At-Home CRISPR Test Helps Detect Disease


Stay on target

zikaGenome-editing superweapon CRISPR is typically confined to scientific labs. But a new biotech company wants to bring it to the masses.

San Francisco-based Mammoth Biosciences is developing a paper-and-smartphone-app test for easier disease detection.

Famed for its ability to precisely rewrite DNA, the CRISPR (Clustered Regularly Interspaced Short Palindromic Repeat) has been hailed as the single most important discovery of the 21st century.

And Mammoth Biosciences is trying to democratize access to it.

“We’ve come so far in terms of technology, but still there are all these barriers in between us and having real access to understanding our health and our bodies and the environment around us more generally,” CEO Trevor Martin told The Verge.

Enter CRISPR.

“This is the type of technology that really breaks down those barriers,” he added.

Last month, researchers at the Stanford University School of Medicine used CRISPR-Cas9 to identify specific genes that help protect against a toxic protein that causes ALS.

Scientists at UC Berkeley and MIT, meanwhile, developed tools that pair CRISPR with enzymes Cas12 and Cas13 to identify conditions like Zika, dengue, and HPV, as well as bacteria and cancer mutations.

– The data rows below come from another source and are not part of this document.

(* Let $\Gamma$ be a metric graph or a tropical curve with a real structure and let $D$ be a real divisor on $\Gamma$ with $\dim|D|\ge r\ge1$. Then for each effective real divisor $E$ on $\Gamma$ with $\deg E=r$ there exists a real divisor $D'\in|D|$ with $D'\ge E$.
   Context: A metric graph is a compact connected metric space locally isometric to star-shaped sets $\{te^{2k\pi i/n}:0\le t<r\}\subset\mathbb C$; its vertices are the points of local valence $\ne2$ and its edges the components of the complement of the vertex set. A tropical curve is the union of a metric graph and finitely many unbounded edges isometric to $[0,\infty]$, each attached at its point $0$ to the metric graph. A real structure is an isometric involution $\iota$; $\overline p=\iota(p)$. A divisor on $\Gamma$ is a finite formal $\mathbb Z$-combination $D=\sum D(p)p$ of points; $\overline D(p)=D(\overline p)$ and $D$ is real if $\overline D=D$. A rational function is a continuous $f:\Gamma\to\mathbb R$ which on each edge (identified isometrically with an interval in $[0,+\infty]$) is piecewise affine with finitely many pieces and integer slopes; $\Delta(f)(p)$ is the sum of the slopes of $f$ in all directions emanating from $p$, and $\Delta(f)=\sum_p\Delta(f)(p)p$. $D_1\sim D_2$ iff $D_2-D_1=\Delta(f)$ for a rational function $f$; $|D|=\{D'\ge0:D'\sim D\}$; $\dim|D|$ is $-1$ if $|D|=\emptyset$ and otherwise the maximal $r$ such that for each effective $E$ of degree $r$ there is $D'\in|D|$ with $D'-E\ge0$. *)

theory Defs
  imports "HOL-Analysis.Analysis"
begin

text \<open>A tropical curve is encoded by a finite model: a finite vertex set, a finite
set of edges with endpoints and lengths, and a set of legs (unbounded edges).
A bounded edge e of length len e is identified with the interval [0, len e],
0 corresponding to src e and len e to tgt e.  A leg l is identified with
[0, +infinity], 0 corresponding to src l and the point at infinity being the
vertex tgt l, which is incident to no other edge.\<close>

record ('v, 'e) tgraph =
  verts :: "'v set"
  edges :: "'e set"
  src   :: "'e \<Rightarrow> 'v"
  tgt   :: "'e \<Rightarrow> 'v"
  len   :: "'e \<Rightarrow> real"
  legs  :: "'e set"

datatype ('v, 'e) point = Vx 'v | Ed 'e real

definition adj_rel :: "('v, 'e, 'z) tgraph_scheme \<Rightarrow> ('v \<times> 'v) set" where
  "adj_rel G = (\<Union>e\<in>edges G. {(src G e, tgt G e), (tgt G e, src G e)})"

definition trop_curve :: "('v, 'e, 'z) tgraph_scheme \<Rightarrow> bool" where
  "trop_curve G \<longleftrightarrow>
     finite (verts G) \<and> finite (edges G) \<and> verts G \<noteq> {} \<and>
     (\<forall>e\<in>edges G. src G e \<in> verts G \<and> tgt G e \<in> verts G) \<and>
     legs G \<subseteq> edges G \<and>
     (\<forall>e\<in>edges G - legs G. len G e > 0) \<and>
     (\<forall>l\<in>legs G. src G l \<noteq> tgt G l \<and>
        (\<forall>e\<in>edges G. (src G e = tgt G l \<or> tgt G e = tgt G l) \<longrightarrow> e = l)) \<and>
     (\<forall>v\<in>verts G. \<forall>w\<in>verts G. (v, w) \<in> (adj_rel G)\<^sup>*)"

definition metric_graph :: "('v, 'e, 'z) tgraph_scheme \<Rightarrow> bool" where
  "metric_graph G \<longleftrightarrow> trop_curve G \<and> legs G = {}"

definition pts :: "('v, 'e, 'z) tgraph_scheme \<Rightarrow> ('v, 'e) point set" where
  "pts G = Vx ` verts G
     \<union> {Ed e t | e t. e \<in> edges G - legs G \<and> 0 < t \<and> t < len G e}
     \<union> {Ed l t | l t. l \<in> legs G \<and> 0 < t}"

definition epos :: "('v, 'e, 'z) tgraph_scheme \<Rightarrow> 'e \<Rightarrow> real \<Rightarrow> ('v, 'e) point" where
  "epos G e t = (if t = 0 then Vx (src G e)
                 else if e \<notin> legs G \<and> t = len G e then Vx (tgt G e)
                 else Ed e t)"

text \<open>An isometric involution, given combinatorially: an involution on vertices,
an involution on edges preserving lengths and legs, and for each edge a flag
telling whether the edge is mapped with reversed orientation.\<close>

record ('v, 'e) rstruct =
  ivert :: "'v \<Rightarrow> 'v"
  iedge :: "'e \<Rightarrow> 'e"
  flip  :: "'e \<Rightarrow> bool"

definition real_structure ::
  "('v, 'e, 'z) tgraph_scheme \<Rightarrow> ('v, 'e, 'y) rstruct_scheme \<Rightarrow> bool" where
  "real_structure G R \<longleftrightarrow>
     (\<forall>v\<in>verts G. ivert R v \<in> verts G \<and> ivert R (ivert R v) = v) \<and>
     (\<forall>e\<in>edges G. iedge R e \<in> edges G \<and> iedge R (iedge R e) = e \<and>
        flip R (iedge R e) = flip R e \<and>
        (iedge R e \<in> legs G \<longleftrightarrow> e \<in> legs G) \<and>
        len G (iedge R e) = len G e \<and>
        (e \<in> legs G \<longrightarrow> \<not> flip R e) \<and>
        (if flip R e
         then src G (iedge R e) = ivert R (tgt G e) \<and> tgt G (iedge R e) = ivert R (src G e)
         else src G (iedge R e) = ivert R (src G e) \<and> tgt G (iedge R e) = ivert R (tgt G e)))"

fun iota :: "('v, 'e, 'z) tgraph_scheme \<Rightarrow> ('v, 'e, 'y) rstruct_scheme \<Rightarrow>
    ('v, 'e) point \<Rightarrow> ('v, 'e) point" where
  "iota G R (Vx v) = Vx (ivert R v)"
| "iota G R (Ed e t) = (if flip R e then Ed (iedge R e) (len G e - t) else Ed (iedge R e) t)"

type_synonym ('v, 'e) divisor = "('v, 'e) point \<Rightarrow> int"

definition is_divisor :: "('v, 'e, 'z) tgraph_scheme \<Rightarrow> ('v, 'e) divisor \<Rightarrow> bool" where
  "is_divisor G D \<longleftrightarrow> finite {p. D p \<noteq> 0} \<and> {p. D p \<noteq> 0} \<subseteq> pts G"

definition deg :: "('v, 'e) divisor \<Rightarrow> int" where
  "deg D = (\<Sum>p\<in>{p. D p \<noteq> 0}. D p)"

definition effective :: "('v, 'e) divisor \<Rightarrow> bool" where
  "effective D \<longleftrightarrow> (\<forall>p. 0 \<le> D p)"

definition conj_div :: "('v, 'e, 'z) tgraph_scheme \<Rightarrow> ('v, 'e, 'y) rstruct_scheme \<Rightarrow>
    ('v, 'e) divisor \<Rightarrow> ('v, 'e) divisor" where
  "conj_div G R D = (\<lambda>p. D (iota G R p))"

definition real_divisor :: "('v, 'e, 'z) tgraph_scheme \<Rightarrow> ('v, 'e, 'y) rstruct_scheme \<Rightarrow>
    ('v, 'e) divisor \<Rightarrow> bool" where
  "real_divisor G R D \<longleftrightarrow> (\<forall>p\<in>pts G. conj_div G R D p = D p)"

definition pw_affine_int :: "real set \<Rightarrow> (real \<Rightarrow> real) \<Rightarrow> bool" where
  "pw_affine_int P g \<longleftrightarrow>
     (\<forall>a\<in>P. \<forall>b\<in>P. a < b \<and> {a<..<b} \<inter> P = {} \<longrightarrow>
        (\<exists>c (m::int). \<forall>t\<in>{a..b}. g t = c + of_int m * t))"

definition rational_fn :: "('v, 'e, 'z) tgraph_scheme \<Rightarrow> (('v, 'e) point \<Rightarrow> real) \<Rightarrow> bool" where
  "rational_fn G f \<longleftrightarrow>
     (\<forall>e\<in>edges G - legs G. \<exists>P. finite P \<and> {0, len G e} \<subseteq> P \<and> P \<subseteq> {0..len G e} \<and>
        pw_affine_int P (\<lambda>t. f (epos G e t))) \<and>
     (\<forall>l\<in>legs G. \<exists>P. finite P \<and> 0 \<in> P \<and> P \<subseteq> {0..} \<and>
        pw_affine_int P (\<lambda>t. f (epos G l t)) \<and>
        (\<exists>c (m::int). \<forall>t\<in>{Max P..}. f (epos G l t) = c + of_int m * t) \<and>
        ((\<lambda>t. f (epos G l t)) \<longlongrightarrow> f (Vx (tgt G l))) at_top)"

definition rslope :: "(real \<Rightarrow> real) \<Rightarrow> real \<Rightarrow> real" where
  "rslope g t = (THE m. (g has_real_derivative m) (at_right t))"

definition slope_at_top :: "(real \<Rightarrow> real) \<Rightarrow> real" where
  "slope_at_top g = (THE m. \<forall>\<^sub>F t in at_top. (g has_real_derivative m) (at t))"

text \<open>Laplacian: sum of outgoing slopes in all directions emanating from a point.\<close>

fun lap :: "('v, 'e, 'z) tgraph_scheme \<Rightarrow> (('v, 'e) point \<Rightarrow> real) \<Rightarrow> ('v, 'e) point \<Rightarrow> real" where
  "lap G f (Vx v) =
     (\<Sum>e\<in>{e\<in>edges G. src G e = v}. rslope (\<lambda>t. f (epos G e t)) 0)
   + (\<Sum>e\<in>{e\<in>edges G - legs G. tgt G e = v}. rslope (\<lambda>s. f (epos G e (len G e - s))) 0)
   + (\<Sum>l\<in>{l\<in>legs G. tgt G l = v}. - slope_at_top (\<lambda>t. f (epos G l t)))"
| "lap G f (Ed e t) = rslope (\<lambda>s. f (epos G e s)) t + rslope (\<lambda>s. f (epos G e (- s))) (- t)"

definition lin_equiv :: "('v, 'e, 'z) tgraph_scheme \<Rightarrow> ('v, 'e) divisor \<Rightarrow> ('v, 'e) divisor \<Rightarrow> bool" where
  "lin_equiv G D1 D2 \<longleftrightarrow>
     (\<exists>f. rational_fn G f \<and> (\<forall>p\<in>pts G. real_of_int (D2 p - D1 p) = lap G f p))"

definition linsys :: "('v, 'e, 'z) tgraph_scheme \<Rightarrow> ('v, 'e) divisor \<Rightarrow> ('v, 'e) divisor set" where
  "linsys G D = {D'. is_divisor G D' \<and> effective D' \<and> lin_equiv G D D'}"

definition div_dim :: "('v, 'e, 'z) tgraph_scheme \<Rightarrow> ('v, 'e) divisor \<Rightarrow> int" where
  "div_dim G D = (if linsys G D = {} then -1 else
     int (GREATEST r::nat. \<forall>E. is_divisor G E \<and> effective E \<and> deg E = int r \<longrightarrow>
            (\<exists>D'\<in>linsys G D. \<forall>p. E p \<le> D' p)))"

end

theory Submission
  imports Defs
begin

text \<open>Take D1 \<in> |D| with D1 \<ge> E and write D1 = D + \<Delta>f. The function h = max f (f \<circ> \<iota>) is
  rational and \<iota>-invariant, so D' = D + \<Delta>h is a real divisor linearly equivalent to D. Where
  f \<ge> f \<circ> \<iota>, h touches f from above, so every outgoing slope of h dominates that of f and
  D'(p) \<ge> D1(p); elsewhere D'(p) \<ge> D1(\<iota> p) in the same way. As D1 \<ge> 0 and E(\<iota> p) = E(p),
  this gives D' \<ge> E and D' \<ge> 0.\<close>

definition int_affine_on :: "real set \<Rightarrow> (real \<Rightarrow> real) \<Rightarrow> bool" where
  "int_affine_on S g \<longleftrightarrow> (\<exists>c (m::int). \<forall>t\<in>S. g t = c + of_int m * t)"

text \<open>Unlike in pw_affine_int, the endpoints a, b range over the whole domain S rather than
  over the breakpoints, which also covers the tail of a leg beyond its last breakpoint.\<close>

definition pw_int_affine :: "real set \<Rightarrow> real set \<Rightarrow> (real \<Rightarrow> real) \<Rightarrow> bool" where
  "pw_int_affine S P g \<longleftrightarrow>
     (\<forall>a\<in>S. \<forall>b\<in>S. a < b \<and> {a<..<b} \<inter> P = {} \<longrightarrow> int_affine_on {a..b} g)"

definition slope_right :: "(real \<Rightarrow> real) \<Rightarrow> real \<Rightarrow> real \<Rightarrow> bool" where
  "slope_right g t m \<longleftrightarrow> (\<exists>d>0. \<exists>c. \<forall>s\<in>{t..t+d}. g s = c + m * s)"

lemma int_affine_on_subset: "int_affine_on S g \<Longrightarrow> T \<subseteq> S \<Longrightarrow> int_affine_on T g"
  unfolding int_affine_on_def by blast

lemma int_affine_on_subset_singleton: "T \<subseteq> {x} \<Longrightarrow> int_affine_on T g"
  unfolding int_affine_on_def by (rule exI[of _ "g x"], rule exI[of _ 0]) auto

lemma pw_affine_int_iff: "pw_affine_int P g \<longleftrightarrow> pw_int_affine P P g"
  unfolding pw_affine_int_def pw_int_affine_def int_affine_on_def by blast

lemma pw_int_affine_mono:
  "pw_int_affine S P g \<Longrightarrow> P \<subseteq> P' \<Longrightarrow> pw_int_affine S P' g"
  unfolding pw_int_affine_def by blast

lemma pw_int_affine_gapD:
  assumes "pw_int_affine S P g" "a \<in> S" "b \<in> S" "a < b" "{a<..<b} \<inter> P = {}"
  obtains c and m :: int where "\<forall>t\<in>{a..b}. g t = c + of_int m * t"
  using assms unfolding pw_int_affine_def int_affine_on_def by blast

lemma pw_int_affine_imp_pw_affine_int:
  "pw_int_affine S P g \<Longrightarrow> P \<subseteq> S \<Longrightarrow> pw_affine_int P g"
  unfolding pw_affine_int_iff pw_int_affine_def by blast

lemma pw_affine_int_reflect:
  assumes "finite P" "{0, L} \<subseteq> P" "P \<subseteq> {0..L}" "pw_affine_int P g"
  shows "\<exists>P'. finite P' \<and> {0, L} \<subseteq> P' \<and> P' \<subseteq> {0..L} \<and> pw_affine_int P' (\<lambda>t. g (L - t))"
proof (intro exI conjI)
  let ?P' = "(\<lambda>t. L - t) ` P"
  show "finite ?P'" "?P' \<subseteq> {0..L}" using assms(1,3) by auto
  have "L - L \<in> ?P'" "L - 0 \<in> ?P'" using assms(2) by blast+
  then show "{0, L} \<subseteq> ?P'" by simp
  show "pw_affine_int ?P' (\<lambda>t. g (L - t))"
    unfolding pw_affine_int_def
  proof (intro ballI impI)
    fix a b assume a: "a \<in> ?P'" and b: "b \<in> ?P'" and ab: "a < b \<and> {a<..<b} \<inter> ?P' = {}"
    have "{L - b<..<L - a} \<inter> P = {}"
    proof (intro equals0I)
      fix z assume "z \<in> {L - b<..<L - a} \<inter> P"
      then have "L - z \<in> {a<..<b} \<inter> ?P'" by auto
      with ab show False by blast
    qed
    moreover have "L - a \<in> P" "L - b \<in> P" using a b by auto
    ultimately obtain c m where cm: "\<forall>t\<in>{L-b..L-a}. g t = c + of_int (m::int) * t"
      using assms(4) ab unfolding pw_affine_int_def by force
    show "\<exists>c (m::int). \<forall>t\<in>{a..b}. g (L - t) = c + of_int m * t"
      by (rule exI[of _ "c + of_int m * L"], rule exI[of _ "-m"]) (use cm in \<open>auto simp: algebra_simps\<close>)
  qed
qed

As described by Mammoth, the CRISPR protein pairs with a guide RNA to hunt for a specific DNA or RNA sequence that is unique to a certain disease or trait. This, of course, is happening at a microscopic level. So to see the reaction without special instruments, a reporter molecule is required.

Once the enzyme finds its matching target, the protein breaks apart the reporter molecule, producing a color change that’s visible to the naked eye, indicating the presence of a specific DNA or RNA sequence.

What sounds like a complicated process, however, can be streamlined for the public. According to The Verge, the tech might work like a home pregnancy test. Except that instead of peeing on a stick, you can use urine, blood, or saliva to evaluate whether you have a sexually transmitted infection or a particular strain of flu—or both.

The current prototype allows users to take a photo of their results, which are analyzed via a smartphone application.

“We’re moving to commercialize it quickly and have it available in the next few years,” Martin said.

Without revealing test costs, he told The Verge this technology will be “accessible and affordable.”

Mammoth Biosciences did not immediately respond to Geek’s request for comment.